En Ithaca, más leer y menos fotocopiar

Me he vuelto a aislar del mundo del mundo otra vez y me he escapado unos meses a Ithaca, invitado por la Universidad de Cornell para investigar un tiempo tranquilo sobre el arte contemporáneo, el tiempo y la cuestión de la obsolescencia. Ahora, después del tiempo de concentración en la novela –que reposará un rato hasta nueva orden–, me centraré en lo académico y en volver a leer otra vez con calma y sosiego a Benjamin y compañía.

Antes, salir a investigar era otra cosa, al menos en el ámbito de las humanidades contemporáneas (algo diferente sería ir a consultar archivos donde hay cosas específicas...), y se pasaba uno el tiempo de la estancia frente a la máquina de fotocopias, vulnerando todos los derechos de autor habidos y por haber, porque aquellos libros y artículos no los iba a volver a ver uno en la vida. Recuerdo mis estancias durante la tesis y la pulsión de fotocopia que tenía por aquel entonces. Irse a investigar era irse a fotocopiar libros y artículos y a desmantelar bibliotecas. Pero volvía uno igual de tonto, más o menos.

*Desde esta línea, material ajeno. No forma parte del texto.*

lemma obtain_bij_betw_matching_fibres:
  fixes f :: "'a \<Rightarrow> 'c" and h :: "'b \<Rightarrow> 'c"
  assumes A: "finite A" and B: "finite B" and card: "card A = card B" and img: "h ` B \<subseteq> f ` A"
    and fibres: "\<And>c. c \<in> f ` A \<Longrightarrow> card {b\<in>B. h b = c} \<le> card {a\<in>A. f a = c}"
  obtains g where "bij_betw g A B" "\<And>a. a \<in> A \<Longrightarrow> h (g a) = f a"
proof -
  define FA where "FA c = {a\<in>A. f a = c}" for c
  define FB where "FB c = {b\<in>B. h b = c}" for c
  have A_UN: "A = (\<Union>c\<in>f ` A. FA c)" and B_UN: "B = (\<Union>c\<in>f ` A. FB c)"
    using img by (auto simp: FA_def FB_def)
  have "card (\<Union>c\<in>f ` A. FB c) = (\<Sum>c\<in>f ` A. card (FB c))"
    by (rule card_UN_disjoint) (use A B in \<open>auto simp: FB_def\<close>)
  moreover have "card (\<Union>c\<in>f ` A. FA c) = (\<Sum>c\<in>f ` A. card (FA c))"
    by (rule card_UN_disjoint) (use A in \<open>auto simp: FA_def\<close>)
  ultimately have sums: "(\<Sum>c\<in>f ` A. card (FB c)) = (\<Sum>c\<in>f ` A. card (FA c))"
    using card A_UN B_UN by simp
  have same_card: "card (FB c) = card (FA c)" if "c \<in> f ` A" for c
    by (rule sum_mono_inv[OF sums _ that]) (use A fibres in \<open>auto simp: FA_def FB_def\<close>)
  have "\<forall>c\<in>f ` A. \<exists>G. bij_betw G (FA c) (FB c)"
    using same_card A B by (auto intro!: finite_same_card_bij simp: FA_def FB_def)
  from bchoice[OF this] obtain G where G: "\<And>c. c \<in> f ` A \<Longrightarrow> bij_betw (G c) (FA c) (FB c)"
    by blast
  define g where "g a = G (f a) a" for a
  have "bij_betw g (FA c) (FB c)" if "c \<in> f ` A" for c
    using G[OF that] by (rule bij_betw_cong[THEN iffD1, rotated]) (auto simp: g_def FA_def)
  then have "bij_betw g (\<Union>c\<in>f ` A. FA c) (\<Union>c\<in>f ` A. FB c)"
    by (intro bij_betw_UNION_disjoint) (auto simp: disjoint_family_on_def FB_def)
  then have "bij_betw g A B" using A_UN B_UN by simp
  moreover have "h (g a) = f a" if "a \<in> A" for a
    using G[of "f a"] that unfolding g_def by (auto simp: FA_def FB_def dest: bij_betw_apply)
  ultimately show thesis using that by blast
qed

lemma obtain_bij_betw_near_labelling:
  fixes \<mu> d :: "nat \<Rightarrow> 'a :: real_normed_vector"
  assumes near: "\<And>i. i < N \<Longrightarrow> \<exists>l\<in>{1..N}. norm (\<mu> i - d l) \<le> r"
    and counts: "\<And>c. c \<in> d ` {1..N} \<Longrightarrow> card {i. i < N \<and> norm (\<mu> i - c) \<le> r} \<le> card {l\<in>{1..N}. d l = c}"
  obtains g where "bij_betw g {1..N} {0..<N}" "\<And>l. l \<in> {1..N} \<Longrightarrow> norm (\<mu> (g l) - d l) \<le> r"
proof -
  have "\<forall>i\<in>{..<N}. \<exists>l. l \<in> {1..N} \<and> norm (\<mu> i - d l) \<le> r" using near by blast
  from bchoice[OF this] obtain centre
    where centre: "\<And>i. i < N \<Longrightarrow> centre i \<in> {1..N} \<and> norm (\<mu> i - d (centre i)) \<le> r"
    by blast
  obtain g where g: "bij_betw g {1..N} {0..<N}" and g_centre: "\<And>l. l \<in> {1..N} \<Longrightarrow> d (centre (g l)) = d l"
  proof (rule obtain_bij_betw_matching_fibres[of "{1..N}" "{0..<N}" "d \<circ> centre" d])
    show "(d \<circ> centre) ` {0..<N} \<subseteq> d ` {1..N}" using centre by auto
    fix c assume c: "c \<in> d ` {1..N}"
    have "card {i\<in>{0..<N}. (d \<circ> centre) i = c} \<le> card {i. i < N \<and> norm (\<mu> i - c) \<le> r}"
      using centre by (intro card_mono) auto
    also have "\<dots> \<le> card {l\<in>{1..N}. d l = c}" by (rule counts[OF c])
    finally show "card {i\<in>{0..<N}. (d \<circ> centre) i = c} \<le> card {l\<in>{1..N}. d l = c}" .
  qed auto
  show thesis
  proof (rule that[OF g])
    fix l assume l: "l \<in> {1..N}"
    then show "norm (\<mu> (g l) - d l) \<le> r"
      using centre[of "g l"] g_centre[OF l] g by (auto dest: bij_betw_apply)
  qed
qed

Hoy ya prácticamente –y aún
con demasiadas excepciones, claro– tenemos todo al alcance de la mano. Muchos de los libros y documentos que hay en la biblioteca de Cornell están accesibles de un modo u otro. Eso sí, verlos todos juntitos acojona y da la medida de lo poco que sabe uno y de lo que hay que leer. Tal y como están las cosas, en una semana o dos, como mucho, se puede hacer el trabajo de recopilación. Y lo verdaderamente interesante es comenzar a leer, reflexionar y escribir. Y, sobre la marcha, ya buscar las cosas que vayan saliendo. El tiempo que se tiene aquí, sin clases, ni compromisos de ningún tipo, es un regalo que no se puede desperdiciar solo recopilando cosas para otro momento que nunca llega –porque, no nos engañemos, las cosas que se archivan se quedan para siempre en el cajón de las estancias; todavía tengo libros fotocopiados en francés para empapelar París y no me han servido de nada.

Antes fotocopiaba uno cosas “por si acaso”. Pero eso ya no tiene sentido hoy. La investigación se hace en tiempo real y no para un futuro que nunca se hace presente. Mi estancia en el Clark Institute me sirvió para volver a apreciar la necesidad de trabajar con calma y sin presiones, pensando más en el presente que en el futuro, más en el proceso que en el resultado. Allí me di cuenta de que es mejor leer un libro que fotocopiar doscientos. En la investigación contemporánea en humanidades, la información ya no es el valor principal. Lo importante es lo que se hace con ella. Cómo se filtra, cómo se procesa. Y para eso se necesita tiempo. Y también quitarse de la cabeza muchas cosas, liberar espacio de memoria para que ese proceso tenga lugar. Eso es lo que espero conseguir aquí, en la Ithaca de Ulises, con un frío que amenaza ya con llegar, rodeado de libros, cataratas y bosques.